╭──

text \<open>Attacked state estimate: xs n is the prediction at time t0 - 1 + n.\<close>
primrec xs_nat :: "real^6^6 \<Rightarrow> real^6^8 \<Rightarrow> (int \<Rightarrow> real^8^6) \<Rightarrow> real^6 \<Rightarrow> int
                    \<Rightarrow> (int \<Rightarrow> real^8) \<Rightarrow> (int \<Rightarrow> real^8) \<Rightarrow> nat \<Rightarrow> real^6" where
  "xs_nat A C H x0 t0 y \<delta> 0 = x0"
| "xs_nat A C H x0 t0 y \<delta> (Suc n) =
     (A ** (mat 1 - H (t0 - 1 + int n) ** C)) *v xs_nat A C H x0 t0 y \<delta> n
     + (A ** H (t0 - 1 + int n)) *v (y (t0 + int n) + \<delta> (t0 + int n))"

text \<open>tilde x_t for t \<ge> t0 - 1.\<close>
definition xtil :: "real^6^6 \<Rightarrow> real^6^8 \<Rightarrow> (int \<Rightarrow> real^8^6) \<Rightarrow> real^6 \<Rightarrow> int
                    \<Rightarrow> (int \<Rightarrow> real^8) \<Rightarrow> (int \<Rightarrow> real^8) \<Rightarrow> int \<Rightarrow> real^6" where
  "xtil A C H x0 t0 y \<delta> t = xs_nat A C H x0 t0 y \<delta> (nat (t - t0 + 1))"

definition cost :: "real^8^8 \<Rightarrow> int \<Rightarrow> int \<Rightarrow> (int \<Rightarrow> real^8) \<Rightarrow> real" where
  "cost R t0 t1 \<delta> = (\<Sum>t\<in>{t0..t1}. \<delta> t \<bullet> (R *v \<delta> t))"
(* Let $p\ge 2$ and $A\in\mathcal{B}_I(p)$ with common between-group parameter $c$, and let $\alpha_k=\frac1{n_k}+\frac{n_k-1}{n_k}b_k$ ($k=1,\dots,p$). Let $d(c)=\det\phi(A)$, i.e. the determinant of the $p\times p$ matrix with diagonal $\alpha_1,\dots,\alpha_p$ and all off-diagonal entries $c$, viewed as a polynomial in $c$ with $\alpha_1,\dots,\alpha_p$ fixed. When all $\alpha_k>0$, all roots of this polynomial are real; let $r_{p,1}<0$ be its smallest root and $r_{p,2}>0$ its second smallest root (so that, with $\alpha_{(1)}\le\alpha_{(2)}$ the two smallest $\alpha$'s, $r_{p,1}$ is the unique root in $]-\sqrt{\alpha_{(1)}\alpha_{(2)}},0[$ and $r_{p,2}$ the unique root in $]0,\sqrt{\alpha_{(1)}\alpha_{(2)}}]$ up to the ordering conventions of the sorted case). Then $$A\succ 0\iff 0<\alpha_k<1\ \text{for all }k\in\{1,\dots,p\}\ \text{ and }\ r_{p,1}<c<r_{p,2}.$$ Furthermore, for each $k$, the interval $]r_{p,1},r_{p,2}[$ is nondecreasing (with respect to inclusion) in $\alpha_k$: increasing $\alpha_k$ (keeping the other $\alpha$'s fixed and positive) yields an interval containing the previous one.
   Context: All matrices are real; $\succ 0$ means positive definite. $J_m$ denotes the $m\times m$ matrix of ones, $J_{m,q}=\mathbf 1_m\mathbf 1_q^\top$. For integers $n_1,\dots,n_p\ge1$, $n=\sum n_k$, $\mathcal{B}(p)$ is the set of symmetric $n\times n$ block matrices $A=(A_{k,\ell})$ (block $A_{k,\ell}$ of size $n_k\times n_\ell$) with $A_{k,k}=(1-b_k)I_{n_k}+b_kJ_{n_k}$ and $A_{k,\ell}=A_{\ell,k}^\top=c_{k,\ell}J_{n_k,n_\ell}$ ($k<\ell$), all $b_k,c_{k,\ell}\in]-1,1[$, with $b_k=0$ if $n_k=1$. $\mathcal{B}_I(p)$ is the subset of $\mathcal{B}(p)$ where $c_{k,\ell}=c$ for all $k<\ell$. $\phi(A)$ is the $p\times p$ matrix of block averages $[\phi(A)]_{k,\ell}=\frac{1}{n_kn_\ell}\sum_{i\in G_k,j\in G_\ell}A_{i,j}$ ($G_1$ the first $n_1$ indices, $G_2$ the next $n_2$, etc.); for $A\in\mathcal{B}_I(p)$ it has diagonal $\alpha_1,\dots,\alpha_p$ and off-diagonal entries $c$. *)

theory Defs
  imports "Jordan_Normal_Form.Determinant"
begin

╰──

ACTION ITEM:
Retype every entry exactly.

ANSWER TO THIS PROBLEM:
text \<open>Attacked state estimate: xs n is the prediction at time t0 - 1 + n.\<close>
primrec xs_nat :: "real^6^6 \<Rightarrow> real^6^8 \<Rightarrow> (int \<Rightarrow> real^8^6) \<Rightarrow> real^6 \<Rightarrow> int
                    \<Rightarrow> (int \<Rightarrow> real^8) \<Rightarrow> (int \<Rightarrow> real^8) \<Rightarrow> nat \<Rightarrow> real^6" where
  "xs_nat A C H x0 t0 y \<delta> 0 = x0"
| "xs_nat A C H x0 t0 y \<delta> (Suc n) =
     (A ** (mat 1 - H (t0 - 1 + int n) ** C)) *v xs_nat A C H x0 t0 y \<delta> n
     + (A ** H (t0 - 1 + int n)) *v (y (t0 + int n) + \<delta> (t0 + int n))"

text \<open>tilde x_t for t \<ge> t0 - 1.\<close>
definition xtil :: "real^6^6 \<Rightarrow> real^6^8 \<Rightarrow> (int \<Rightarrow> real^8^6) \<Rightarrow> real^6 \<Rightarrow> int
                    \<Rightarrow> (int \<Rightarrow> real^8) \<Rightarrow> (int \<Rightarrow> real^8) \<Rightarrow> int \<Rightarrow> real^6" where
  "xtil A C H x0 t0 y \<delta> t = xs_nat A C H x0 t0 y \<delta> (nat (t - t0 + 1))"

definition cost :: "real^8^8 \<Rightarrow> int \<Rightarrow> int \<Rightarrow> (int \<Rightarrow> real^8) \<Rightarrow> real" where
  "cost R t0 t1 \<delta> = (\<Sum>t\<in>{t0..t1}. \<delta> t \<bullet> (R *v \<delta> t))"
(* Let $p\ge 2$ and $A\in\mathcal{B}_I(p)$ with common between-group parameter $c$, and let $\alpha_k=\frac1{n_k}+\frac{n_k-1}{n_k}b_k$ ($k=1,\dots,p$). Let $d(c)=\det\phi(A)$, i.e. the determinant of the $p\times p$ matrix with diagonal $\alpha_1,\dots,\alpha_p$ and all off-diagonal entries $c$, viewed as a polynomial in $c$ with $\alpha_1,\dots,\alpha_p$ fixed. When all $\alpha_k>0$, all roots of this polynomial are real; let $r_{p,1}<0$ be its smallest root and $r_{p,2}>0$ its second smallest root (so that, with $\alpha_{(1)}\le\alpha_{(2)}$ the two smallest $\alpha$'s, $r_{p,1}$ is the unique root in $]-\sqrt{\alpha_{(1)}\alpha_{(2)}},0[$ and $r_{p,2}$ the unique root in $]0,\sqrt{\alpha_{(1)}\alpha_{(2)}}]$ up to the ordering conventions of the sorted case). Then $$A\succ 0\iff 0<\alpha_k<1\ \text{for all }k\in\{1,\dots,p\}\ \text{ and }\ r_{p,1}<c<r_{p,2}.$$ Furthermore, for each $k$, the interval $]r_{p,1},r_{p,2}[$ is nondecreasing (with respect to inclusion) in $\alpha_k$: increasing $\alpha_k$ (keeping the other $\alpha$'s fixed and positive) yields an interval containing the previous one.
   Context: All matrices are real; $\succ 0$ means positive definite. $J_m$ denotes the $m\times m$ matrix of ones, $J_{m,q}=\mathbf 1_m\mathbf 1_q^\top$. For integers $n_1,\dots,n_p\ge1$, $n=\sum n_k$, $\mathcal{B}(p)$ is the set of symmetric $n\times n$ block matrices $A=(A_{k,\ell})$ (block $A_{k,\ell}$ of size $n_k\times n_\ell$) with $A_{k,k}=(1-b_k)I_{n_k}+b_kJ_{n_k}$ and $A_{k,\ell}=A_{\ell,k}^\top=c_{k,\ell}J_{n_k,n_\ell}$ ($k<\ell$), all $b_k,c_{k,\ell}\in]-1,1[$, with $b_k=0$ if $n_k=1$. $\mathcal{B}_I(p)$ is the subset of $\mathcal{B}(p)$ where $c_{k,\ell}=c$ for all $k<\ell$. $\phi(A)$ is the $p\times p$ matrix of block averages $[\phi(A)]_{k,\ell}=\frac{1}{n_kn_\ell}\sum_{i\in G_k,j\in G_\ell}A_{i,j}$ ($G_1$ the first $n_1$ indices, $G_2$ the next $n_2$, etc.); for $A\in\mathcal{B}_I(p)$ it has diagonal $\alpha_1,\dots,\alpha_p$ and off-diagonal entries $c$. *)

theory Defs
  imports "Jordan_Normal_Form.Determinant"
begin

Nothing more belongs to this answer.